The Gentlemen

Director: Guy Ritchie
Starring: Matthew McConaughey, Charlie Hunnam, Hugh Grant, Henry Golding, Michelle Dockery, Colin Farrell, Jeremy Strong, Jason Wong, Eddie Marsan, Chris Evangelou
Distributor: Roadshow Films
Runtime: 113 mins. Reviewed in Dec 2019
| JustWatch |
Rating notes: Strong coarse language and violence

This British-American crime drama is based loosely on a story by Ivan Atkinson, Mary Davies, and Guy Ritchie, who is the Director of the movie. The film tells the story of a British drug lord – “the king of the jungle”, as the film says – who has established a highly lucrative marijuana empire.

The lead role is taken by Matthew McConaughey, who took out the Academy Award for Best Actor in the movie, “Dallas Buyers Club”, in 2014.

This is a crime movie that is heavy on plot complexity. An American expatriate, Mickey Pearson (Matthew McConaughey) has built a highly successful drug empire in London, with the latest in technology to back it up, and he decides to retire to spend more time with the love of his life (Michelle Dockery). He is getting out, because “he came up the hard way, with blood on his hands”, and as the film progresses the viewer comes to appreciate where the blood was probably spilled. Mickey’s situation triggers an onrush of activity from a cartel of very wealthy drug-traffickers.
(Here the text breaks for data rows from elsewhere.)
(* There exist a Cantor space $(X,d)$ and a homeomorphism $f$ of $X$ such that: (1) $X=\overline{Per(f)}$; (2) $f$ is equicontinuous; (3) $f$ has the periodic shadowing property; (4) $f$ does not have the strict periodic shadowing property; (5) $f^3$ has the strict periodic shadowing property.
   Context: A Cantor space is a compact metric space without isolated points that is totally disconnected. $Per(f)$ is the set of periodic points. Equicontinuous: for every $\epsilon>0$ there is $\delta>0$ with $d(x,y)\le\delta\Rightarrow\sup_{i\in\mathbb{Z}}d(f^i(x),f^i(y))\le\epsilon$. A $\delta$-cycle of a map $F$ is $(x_i)_{i=0}^m$, $m\ge1$, with $d(F(x_i),x_{i+1})\le\delta$ for $0\le i<m$ and $x_0=x_m$. $F$ has the periodic shadowing property if for every $\epsilon>0$ there is $\delta>0$ such that for every $\delta$-cycle $(x_i)_{i=0}^m$ of $F$ there is $p\in Per(F)$ with $d(x_i,F^i(p))\le\epsilon$ for $0\le i\le m$; $F$ has the strict periodic shadowing property if the same holds with $p$ required to satisfy $F^m(p)=p$. *)

theory Defs
  imports "HOL-Analysis.Analysis"
begin

definition cantor_space :: "'a set \<Rightarrow> ('a \<Rightarrow> 'a \<Rightarrow> real) \<Rightarrow> bool" where
  "cantor_space X d \<longleftrightarrow>
     Metric_space X d \<and> X \<noteq> {} \<and>
     compact_space (Metric_space.mtopology X d) \<and>
     (\<forall>x\<in>X. x \<in> (Metric_space.mtopology X d) derived_set_of X) \<and>
     (\<forall>S. S \<subseteq> X \<and> connectedin (Metric_space.mtopology X d) S
            \<longrightarrow> (\<forall>x\<in>S. \<forall>y\<in>S. x = y))"

definition zpow :: "'a set \<Rightarrow> ('a \<Rightarrow> 'a) \<Rightarrow> int \<Rightarrow> 'a \<Rightarrow> 'a" where
  "zpow X f i = (if 0 \<le> i then f ^^ nat i else (inv_into X f) ^^ nat (- i))"

definition Per :: "'a set \<Rightarrow> ('a \<Rightarrow> 'a) \<Rightarrow> 'a set" where
  "Per X f = {x \<in> X. \<exists>n>0. (f ^^ n) x = x}"
lemma (in vector_space) independent_selection:
  fixes U :: "'i \<Rightarrow> 'b set"
  assumes avoid: "\<And>j A. j \<in> K \<Longrightarrow> |A| <o |K| \<Longrightarrow> \<not> U j \<subseteq> span A"
  obtains f where "inj_on f K" "independent (f ` K)" "\<And>j. j \<in> K \<Longrightarrow> f j \<in> U j"
proof -
  let ?r = "|K|"
  have wo: "wo_rel ?r"
    by (simp add: wo_rel_def card_of_Well_order)
  define H where "H g j = (SOME y. y \<in> U j \<and> y \<notin> span (g ` underS ?r j))" for g j
  define f where "f = wo_rel.worec ?r H"
  have "wo_rel.adm_wo ?r H"
    using wo by (simp add: wo_rel.adm_wo_def H_def cong: image_cong)
  then have f_eq: "f j = H f j" for j
    using wo_rel.worec_fixpoint[OF wo] by (metis f_def)
  have new: "f j \<in> U j \<and> f j \<notin> span (f ` underS ?r j)" if "j \<in> K" for j
  proof -
    have "|underS ?r j| <o ?r"
      using card_of_underS[OF card_of_Card_order] that by (simp add: Field_card_of)
    then have "|f ` underS ?r j| <o ?r"
      using card_of_image ordLeq_ordLess_trans by blast
    then have "\<exists>y. y \<in> U j \<and> y \<notin> span (f ` underS ?r j)"
      using avoid[OF that] by blast
    then show ?thesis
      unfolding f_eq[of j] H_def by (rule someI_ex)
  qed
  have f_new: "f j \<notin> span (f ` underS ?r j)" if "j \<in> Field ?r" for j
    using new that by (simp add: Field_card_of)
  show thesis
  proof
    show "inj_on f K"
      using inj_on_if_not_in_span_underS[OF card_of_Well_order f_new] by (simp add: Field_card_of)
    show "independent (f ` K)"
      using independent_image_if_not_in_span_underS[OF card_of_Well_order f_new]
      by (simp add: Field_card_of)
    show "f j \<in> U j" if "j \<in> K" for j
      using new[OF that] by blast
  qed
qed
lemma triangular_combination_exists:
  fixes b :: "'i \<Rightarrow> 'v \<Rightarrow> int" and p :: "'i \<Rightarrow> 'v" and r :: "'i \<Rightarrow> int"
  assumes "finite I" "inj_on r I"
    and diff_closed: "\<And>H K a. H \<in> M \<Longrightarrow> K \<in> M \<Longrightarrow> (\<lambda>v. H v - a * K v) \<in> M"
    and basis_in: "\<And>j. j \<in> I \<Longrightarrow> b j \<in> M"
    and pivot_unit: "\<And>j. j \<in> I \<Longrightarrow> b j (p j) \<in> {1, -1}"
    and triangular: "\<And>j j'. j \<in> I \<Longrightarrow> j' \<in> I \<Longrightarrow> r j' < r j \<Longrightarrow> b j (p j') = 0"
    and determined: "\<And>H. H \<in> M \<Longrightarrow> (\<forall>j\<in>I. H (p j) = 0) \<Longrightarrow> \<forall>v\<in>G. H v = 0"
    and "H \<in> M"
  shows "\<exists>c. is_combination G I b c H"
proof -
  define K where "K = (\<Sum>j\<in>I. \<bar>r j\<bar>) + 1"
  have K: "\<bar>r j\<bar> < K" if "j \<in> I" for j
    using member_le_sum[OF that, of "\<lambda>j. \<bar>r j\<bar>"] \<open>finite I\<close> unfolding K_def by simp
  \<comment> \<open>Gaussian elimination, clearing the pivots in order of increasing rank.\<close>
  have elim: "\<forall>H\<in>M. (\<forall>j\<in>I. r j < m \<longrightarrow> H (p j) = 0) \<longrightarrow> (\<exists>c. is_combination G I b c H)"
    if "m \<le> K" for m
    using that
  proof (induction m rule: int_le_induct)
    case base
    show ?case
    proof (intro ballI impI)
      fix H assume "H \<in> M" "\<forall>j\<in>I. r j < K \<longrightarrow> H (p j) = 0"
      then have "\<forall>v\<in>G. H v = 0"
        using determined K by fastforce
      then show "\<exists>c. is_combination G I b c H"
        by (intro exI[of _ "\<lambda>_. 0"]) (simp add: is_combination_def)
    qed
  next
    case (step m)
    show ?case
    proof (intro ballI impI)
      fix H assume "H \<in> M" and below: "\<forall>j\<in>I. r j < m - 1 \<longrightarrow> H (p j) = 0"
      show "\<exists>c. is_combination G I b c H"
      proof (cases "\<exists>j0\<in>I. r j0 = m - 1")
        case False
        then show ?thesis
          using step.IH \<open>H \<in> M\<close> below by fastforce
      next
        case True
        then obtain j0 where "j0 \<in> I" "r j0 = m - 1" ..
        define a where "a = H (p j0) * b j0 (p j0)"
        define H' where "H' = (\<lambda>v. H v - a * b j0 v)"
        have "H' \<in> M"
          unfolding H'_def using diff_closed \<open>H \<in> M\<close> basis_in \<open>j0 \<in> I\<close> by blast
        moreover have "H' (p j) = 0" if "j \<in> I" "r j < m" for j
        proof (cases "j = j0")
          case True
          have "b j0 (p j0) * b j0 (p j0) = 1"
            using pivot_unit[OF \<open>j0 \<in> I\<close>] by auto
          then show ?thesis
            unfolding H'_def a_def True by (simp add: algebra_simps)
        next
          case False
          then have "r j \<noteq> r j0"
            using that(1) \<open>j0 \<in> I\<close> \<open>inj_on r I\<close> by (metis inj_onD)
          then have "r j < m - 1"
            using that(2) \<open>r j0 = m - 1\<close> by linarith
          then show ?thesis
            using below triangular[OF \<open>j0 \<in> I\<close> \<open>j \<in> I\<close>] \<open>r j0 = m - 1\<close> that
            unfolding H'_def by simp
        qed
        ultimately obtain c where c: "is_combination G I b c H'"
          using step.IH by blast
        have "is_combination G I b (c(j0 := c j0 + a)) H"
          using c \<open>j0 \<in> I\<close> \<open>finite I\<close> unfolding is_combination_def H'_def
          by (auto simp: sum.remove algebra_simps)
        then show ?thesis by blast
      qed
    qed
  qed
  have "-K \<le> K"
    using sum_nonneg[of I "\<lambda>j. \<bar>r j\<bar>"] unfolding K_def by simp
  moreover have "\<forall>j\<in>I. r j < -K \<longrightarrow> H (p j) = 0"
    using K by fastforce
  ultimately show ?thesis
    using elim \<open>H \<in> M\<close> by blast
qed

lemma is_Z_basis_triangularI:
  fixes b :: "'i \<Rightarrow> vtx \<Rightarrow> int" and p :: "'i \<Rightarrow> vtx" and r :: "'i \<Rightarrow> int"
  assumes "finite I" "inj_on r I"
    and "\<And>j. j \<in> I \<Longrightarrow> b j \<in> harm_module G"
    and "\<And>j. j \<in> I \<Longrightarrow> p j \<in> G"
    and "\<And>j. j \<in> I \<Longrightarrow> b j (p j) \<in> {1, -1}"
    and "\<And>j j'. j \<in> I \<Longrightarrow> j' \<in> I \<Longrightarrow> r j' < r j \<Longrightarrow> b j (p j') = 0"
    and "\<And>H. H \<in> harm_module G \<Longrightarrow> \<forall>j\<in>I. H (p j) = 0 \<Longrightarrow> \<forall>v\<in>G. H v = 0"
  shows "is_Z_basis G I b"
  unfolding is_Z_basis_iff_combination
proof (intro conjI ballI ex_ex1I)
  fix H assume "H \<in> harm_module G"
  show "\<exists>c. is_combination G I b c H"
    by (rule triangular_combination_exists[OF assms(1,2) harm_module_diff_scaled assms(3,5-7)
          \<open>H \<in> harm_module G\<close>])
  fix c c' assume "is_combination G I b c H" "is_combination G I b c' H"
  then show "c = c'"
    using triangular_combination_unique[of I r p G b] assms(1,2,4-6) by blast
qed (use assms in auto)

definition zero_on_antidiag :: "int \<Rightarrow> (vtx \<Rightarrow> int) \<Rightarrow> int \<Rightarrow> bool" where
  "zero_on_antidiag N H s \<longleftrightarrow> (\<forall>(x, y)\<in>Gamma N. x + y = s \<longrightarrow> H (x, y) = 0)"

lemma zero_on_antidiag_outside: "s < 0 \<or> 2 * N - 2 < s \<Longrightarrow> zero_on_antidiag N H s"
  unfolding zero_on_antidiag_def Gamma_def by auto

lemma zero_on_antidiag_up:
  assumes H: "H \<in> harm_module (Gamma N)" and "N \<le> s"
    and zero1: "zero_on_antidiag N H (s - 1)" and zero2: "zero_on_antidiag N H (s - 2)"
    and corner: "H (N - 1, s - (N - 1)) = 0"
  shows "zero_on_antidiag N H s"
proof -
  \<comment> \<open>Walk down the antidiagonal from the right column, using harmonicity at the vertex below-left.\<close>
  have "s - N + 1 \<le> x \<longrightarrow> H (x, s - x) = 0" if "x \<le> N - 1" for x
    using that
  proof (induction x rule: int_le_induct)
    case base
    show ?case
      using corner by simp
  next
    case (step x)
    show ?case
    proof
      assume "s - N + 1 \<le> x - 1"
      have "H (x, s - x) + H (x - 2, s - x) + H (x - 1, s - x + 1) + H (x - 1, s - x - 1)
          = 4 * H (x - 1, s - x)"
        using harm_module_Gamma_interior[OF H, of "x - 1" "s - x"]
          \<open>s - N + 1 \<le> x - 1\<close> step.hyps \<open>N \<le> s\<close>
        by (simp add: algebra_simps)
      moreover have "H (x, s - x) = 0"
        using step.IH \<open>s - N + 1 \<le> x - 1\<close> by simp
      moreover have "H (x - 2, s - x) = 0" "H (x - 1, s - x - 1) = 0"
        using zero2 \<open>s - N + 1 \<le> x - 1\<close> step.hyps \<open>N \<le> s\<close>
        unfolding zero_on_antidiag_def Gamma_def by auto
      moreover have "H (x - 1, s - x) = 0"
        using zero1 \<open>s - N + 1 \<le> x - 1\<close> step.hyps \<open>N \<le> s\<close>
        unfolding zero_on_antidiag_def Gamma_def by auto
      ultimately show "H (x - 1, s - (x - 1)) = 0"
        by (simp add: algebra_simps)
    qed
  qed
  then show ?thesis
    unfolding zero_on_antidiag_def Gamma_def by force
qed
lemma A_last_transfer:
  fixes x y :: "'a::field"
  assumes "x \<noteq> 0" and "y \<noteq> 0"
  shows "x * y * (\<Sum>j<Suc n. A_last x y (Suc n) j * (transfer x y ^^ j) f i)
     = hop (x * y) (Suc n) f i - hop (x * y) n f i - (transfer x y ^^ Suc n) f i
       + (1 + x) * (1 + y) * (transfer x y ^^ n) f i"
proof -
  let ?W = "\<lambda>j. (transfer x y ^^ j) f i"
  let ?H = "\<lambda>n. hop (x * y) n f i"
  define s :: 'a where "s = (-1) ^ n"
  have s: "s * s = 1"
    by (simp add: s_def flip: power_mult_distrib)
  have row: "x * y * A_last x y (Suc n) j = - s * ((-1) ^ j * ecoeff x y n j + (-1) ^ j * ecoeff x y (Suc n) j)"
    if "j < n" for j
    using that assms by (simp add: A_last_eq_ecoeff s_def power_add field_simps)
  have sum_n: "(\<Sum>j<n. (-1) ^ j * ecoeff x y n j * ?W j) = s * ?H n - s * ?W n"
    using alternating_ecoeff_transfer[of x y n f i]
    by (simp add: lessThan_Suc_atMost[symmetric] ecoeff_diag s_def algebra_simps)
  have sum_Suc_n: "(\<Sum>j<n. (-1) ^ j * ecoeff x y (Suc n) j * ?W j)
      = - s * ?H (Suc n) + s * ?W (Suc n) - s * of_nat (Suc n) * (x + y) * ?W n"
    using alternating_ecoeff_transfer[of x y "Suc n" f i]
    by (simp add: lessThan_Suc_atMost[symmetric] ecoeff_diag ecoeff_Suc_diag s_def algebra_simps
        del: hop.simps of_nat_Suc)
  have split: "x * y * (\<Sum>j<Suc n. A_last x y (Suc n) j * ?W j)
      = (\<Sum>j<n. x * y * A_last x y (Suc n) j * ?W j) + x * y * A_last x y (Suc n) n * ?W n"
    by (simp add: sum_distrib_left distrib_left mult.assoc)
  have diag: "x * y * A_last x y (Suc n) n = x * y - of_nat n * (x + y)"
    using assms by (simp add: A_last_def)
  have "(\<Sum>j<n. x * y * A_last x y (Suc n) j * ?W j)
      = (\<Sum>j<n. - s * ((-1) ^ j * ecoeff x y n j + (-1) ^ j * ecoeff x y (Suc n) j) * ?W j)"
    by (intro sum.cong refl) (simp add: row)
  also have "\<dots> = - s * ((\<Sum>j<n. (-1) ^ j * ecoeff x y n j * ?W j) + (\<Sum>j<n. (-1) ^ j * ecoeff x y (Suc n) j * ?W j))"
    unfolding sum.distrib[symmetric] sum_distrib_left by (intro sum.cong refl) (simp add: algebra_simps)
  finally have off_diag: "(\<Sum>j<n. x * y * A_last x y (Suc n) j * ?W j)
      = - s * ((s * ?H n - s * ?W n) + (- s * ?H (Suc n) + s * ?W (Suc n) - s * of_nat (Suc n) * (x + y) * ?W n))"
    unfolding sum_n sum_Suc_n .
  have s_s: "s * (s * z) = z" for z
    by (simp add: s flip: mult.assoc)
  show ?thesis
    unfolding split diag off_diag by (simp add: algebra_simps s_s del: hop.simps)
qed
Plots and schemes are immediately formulated by the rival drug lords, who are competing for a slice of the action, and who want to take over from, or take advantage of, Mickey’s decision.

An attempt is made at the start of the movie by Fletcher (Hugh Grant) to blackmail Mickey to steal his fiefdom from under him, and for a lot of the movie Fletcher reveals vital clues, and serves as something of an an unreliable narrator for the movie’s complex plot development. Fletcher delivers his clues to Raymond (Charlie Hunnam), Mickey’s no. 2 henchman, about what is happening. The viewer does not know for certain what is happening at all, and picks up the intricacies of the plot from Fletcher’s conversation, but also from Mickey’s fellow-warlords moving in for the taking, and for the occasional kill. The acting of McConaughey and Hunnam is impressive, but for Hugh Grant less so. Grant’s seductive asides struggle to maintain their point.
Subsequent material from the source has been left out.